Last night I dreamed I found a monastery by our college. It had been there all along, but I'd never noticed it. On one end of the monastery was a door with a "JCC Students Welcome" sign. Inside the door was a little room with two twin beds, a table, a small refrigerator with water bottles in it...The monks had created the room for students who needed to rest between classes. That was such a nice gesture. I laid down on one of the twin beds and the monastery cat, who was an orange tabby tomcat, came and laid by me with his paws kneading my shoulder and his face in my face. I went to sleep like I don't sleep in real life...fully gone, sinking into the earth sleep, so glad to have the cat...

Then, suddenly, in the dream I woke up and it was 3 p.m., and I'd missed teaching my 1:25 class! Then, just as suddenly, I woke up in real life...and it was half an hour before I needed to be awake, but I couldn't go back to sleep after that. So I took Tula on an early walk to the pier, which is strangely bare of boats now that the season is over.

I taught like the dickens, then had a student in my office who had missed a week of class for the flu, then read poetry with two other faculty members as part of the North Country Writers Festival (we had a good turnout, and my colleagues' work was excellent, naturally), rushed from it to teach my 1:25 class, made schedules and lesson plans for an hour, taught my 3:35 class, finished the schedules and dealt with more flu students by e-mail, and finally got home around 6:30...without having eaten lunch!

If you know me, you know I am not at my best when hungry.
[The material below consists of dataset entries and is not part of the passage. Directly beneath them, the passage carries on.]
lemma abs_fst_sobolev_conv_list_le:
  assumes "b > 1/2" "s \<ge> 3 * b"
  shows "\<exists>K < \<infinity>. \<forall>L. length L = n + 3 \<longrightarrow> (\<forall>F\<in>set L. F \<in> borel_measurable borel)
      \<longrightarrow> (\<integral>\<^sup>+z. (ennreal \<bar>fst z\<bar> * sobolev_weighted s (conv_list L) z)\<^sup>2 \<partial>lborel)
            \<le> K * prod_list (map (Xnorm_sq s b) L)"
proof -
  obtain KV where "KV < \<infinity>" and V: "\<And>R B F0 L. length L = n \<Longrightarrow> \<forall>F\<in>set (F0 # L). F \<in> borel_measurable borel
      \<Longrightarrow> envelope_bound R B
      \<Longrightarrow> (\<integral>\<^sup>+z. (ennreal \<bar>fst z\<bar> * conv R (sobolev_weighted s (conv_list (F0 # L))) z)\<^sup>2 \<partial>lborel)
            \<le> KV * B * prod_list (map (Xnorm_sq s b) (F0 # L))"
    using abs_fst_conv_sobolev_conv_list_le[OF assms, of n] by blast
  let ?c = "ennreal (2 powr s)" and ?N = "Xnorm_sq s b"
  let ?E = "(16 * moment_const s b) ^ n * envelope_const s b"
  define K where "K = 2 * ?c\<^sup>2 * (gain_const b * ?E)
    + 2 * ?c\<^sup>2 * (2 * ?c\<^sup>2 * (gain_const b * ?E) + 2 * ?c\<^sup>2 * (KV * envelope_const s b))"
  have "K < \<infinity>"
    using \<open>KV < \<infinity>\<close> bound_consts_finite[OF assms]
    by (simp add: K_def ennreal_mult_less_top power_less_top_ennreal)
  moreover have "(\<integral>\<^sup>+z. (ennreal \<bar>fst z\<bar> * sobolev_weighted s (conv_list L) z)\<^sup>2 \<partial>lborel)
      \<le> K * prod_list (map ?N L)"
    if len_L: "length L = n + 3" and meas: "\<forall>F\<in>set L. F \<in> borel_measurable borel" for L
  proof -
    obtain F0 F1 F2 L' where L: "L = F0 # F1 # F2 # L'" and len: "length L' = n"
      using len_L by (auto simp: numeral_3_eq_3 length_Suc_conv)
    have s: "s \<ge> 0" "b \<ge> 0" using assms by auto
    have [measurable]: "F0 \<in> borel_measurable borel" "F1 \<in> borel_measurable borel"
      using meas L by auto
    define Y where "Y = conv_list (F2 # L')"
    have [measurable]: "Y \<in> borel_measurable borel"
      unfolding Y_def using meas L by (intro measurable_conv_list) auto
    have env_X: "envelope_bound (conv F1 Y) (?E * prod_list (map ?N (F1 # F2 # L')))"
      using envelope_bound_conv_list[of F1 F2 L' b s] meas L len s assms by (simp add: Y_def)
    have env_0Y: "envelope_bound (conv F0 Y) (?E * prod_list (map ?N (F0 # F2 # L')))"
      using envelope_bound_conv_list[of F0 F2 L' b s] meas L len s assms by (simp add: Y_def)
    have env_01: "envelope_bound (conv F0 F1) (envelope_const s b * ?N F0 * ?N F1)"
      using envelope_bound_conv_Xnorm_sq[of F0 F1 b s] s assms by simp
    have "(\<integral>\<^sup>+z. (ennreal \<bar>fst z\<bar> * conv F0 (sobolev_weighted s (conv F1 Y)) z)\<^sup>2 \<partial>lborel)
        \<le> 2 * ?c\<^sup>2 * (\<integral>\<^sup>+z. (ennreal \<bar>fst z\<bar> * conv (conv F0 Y) (sobolev_weighted s F1) z)\<^sup>2 \<partial>lborel)
          + 2 * ?c\<^sup>2 * (\<integral>\<^sup>+z. (ennreal \<bar>fst z\<bar> * conv (conv F0 F1) (sobolev_weighted s Y) z)\<^sup>2 \<partial>lborel)"
      using s by (intro nn_integral_abs_fst_power2_le_split conv_sobolev_weighted_conv_le) auto
    also have "\<dots> \<le> 2 * ?c\<^sup>2 * (gain_const b * ?N F1 * (?E * prod_list (map ?N (F0 # F2 # L'))))
          + 2 * ?c\<^sup>2 * (KV * (envelope_const s b * ?N F0 * ?N F1) * prod_list (map ?N (F2 # L')))"
      using abs_fst_conv_sobolev_weighted_le[OF env_0Y, of F1 b s] V[OF len _ env_01, of F2] meas L s
      by (intro add_mono mult_left_mono) (auto simp: Y_def)
    finally have inner: "(\<integral>\<^sup>+z. (ennreal \<bar>fst z\<bar> * conv F0 (sobolev_weighted s (conv F1 Y)) z)\<^sup>2 \<partial>lborel)
        \<le> 2 * ?c\<^sup>2 * (gain_const b * ?N F1 * (?E * prod_list (map ?N (F0 # F2 # L'))))
          + 2 * ?c\<^sup>2 * (KV * (envelope_const s b * ?N F0 * ?N F1) * prod_list (map ?N (F2 # L')))" .
    have outer: "sobolev_weighted s (conv F0 (conv F1 Y)) z
        \<le> ?c * (conv (conv F1 Y) (sobolev_weighted s F0) z + conv F0 (sobolev_weighted s (conv F1 Y)) z)" for z
      using sobolev_weighted_conv_le[of F0 "conv F1 Y" s z] s
        conv_commute[of "sobolev_weighted s F0" "conv F1 Y"] by simp
    have "(\<integral>\<^sup>+z. (ennreal \<bar>fst z\<bar> * sobolev_weighted s (conv_list L) z)\<^sup>2 \<partial>lborel)
        \<le> 2 * ?c\<^sup>2 * (\<integral>\<^sup>+z. (ennreal \<bar>fst z\<bar> * conv (conv F1 Y) (sobolev_weighted s F0) z)\<^sup>2 \<partial>lborel)
          + 2 * ?c\<^sup>2 * (\<integral>\<^sup>+z. (ennreal \<bar>fst z\<bar> * conv F0 (sobolev_weighted s (conv F1 Y)) z)\<^sup>2 \<partial>lborel)"
      unfolding L Y_def[symmetric] conv_list.simps
      by (rule nn_integral_abs_fst_power2_le_split[OF _ _ outer]) measurable
    also have "\<dots> \<le> 2 * ?c\<^sup>2 * (gain_const b * ?N F0 * (?E * prod_list (map ?N (F1 # F2 # L'))))
          + 2 * ?c\<^sup>2 * (2 * ?c\<^sup>2 * (gain_const b * ?N F1 * (?E * prod_list (map ?N (F0 # F2 # L'))))
          + 2 * ?c\<^sup>2 * (KV * (envelope_const s b * ?N F0 * ?N F1) * prod_list (map ?N (F2 # L'))))"
      using abs_fst_conv_sobolev_weighted_le[OF env_X, of F0 b s] inner s
      by (intro add_mono mult_left_mono) auto
    also have "\<dots> = K * prod_list (map ?N L)"
      by (simp add: K_def L algebra_simps)
    finally show ?thesis .
  qed
  ultimately show ?thesis by blast
qed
I become forgetful, snide, sarcastic, monstrous, if it goes on too long. I always eat breakfast, but it's only cereal. So, for the rest of today I survived on Lady Grey tea, oatmeal cookies (I always have cookies in my office), almonds and those waxy orange pumpkin candies (which our secretary had on her desk). It's not like I starved, but it wasn't like having real food and thirty minutes in which to eat it.

But, happily, tonight was chili night. I made a Rachael Ray recipe called "Steakhouse Chili." This chili has BACON in it. The recipe is in this month's magazine, and it is excellent. It made me forget I'd ever been hungry.

I'm trying to be like my mother-in-law and cook dinner before I've sat down so I don't get too tired to face it, and like her and my mother, both of whom do the dishes as they are cooking so they aren't faced with a big pile. It's working out so far, but it's only been two weeks.

After all that, I talked to my ever-witty and brilliant father. And now, it is time for bed. It has been time for half an hour, as Tula's accusing eye informs me. So, that's it for this day. This must be a boring blog for those of you not kin to me...but that's none of you, so I guess it's okay.

Tomorrow we are taking the chili with us for lunch, and I'm going to read something totally useless while I eat mine.

Sunday, October 25, 2009

List of Laziness

Some days I'm going to feel like I do right now: Tired, and still with things to do (and with a husband, in this case, who keeps talking to me about our ailing dryer), so I'm going to give a list of ten things about today so those of my family who read this blog to see what we're doing will at least know something. I'll try not to do this too often, though...

1. I kept almost laughing in Mass this morning. First, Joe leaned over and whispered, "I just accidentally styled my hair with holy water!"

2. Then, I was not paying attention to the homily (sometimes I just can't, even when it's good). When you can't pay attention, you are supposed to look at the stained glass windows or candles or statues and contemplate holy things, so I looked up at our stained glass window of Jesus knocking on the door, and I immediately thought of him doing that at our house and Tula barking her head off, as she does when the Schwan man comes.

3. Then, as we were kneeling with our heads bowed for communion, my earring fell off and landed in the hood of the coat of the woman in front of me! So I silently fished it out and put it in my pocket, and I guess nobody saw me.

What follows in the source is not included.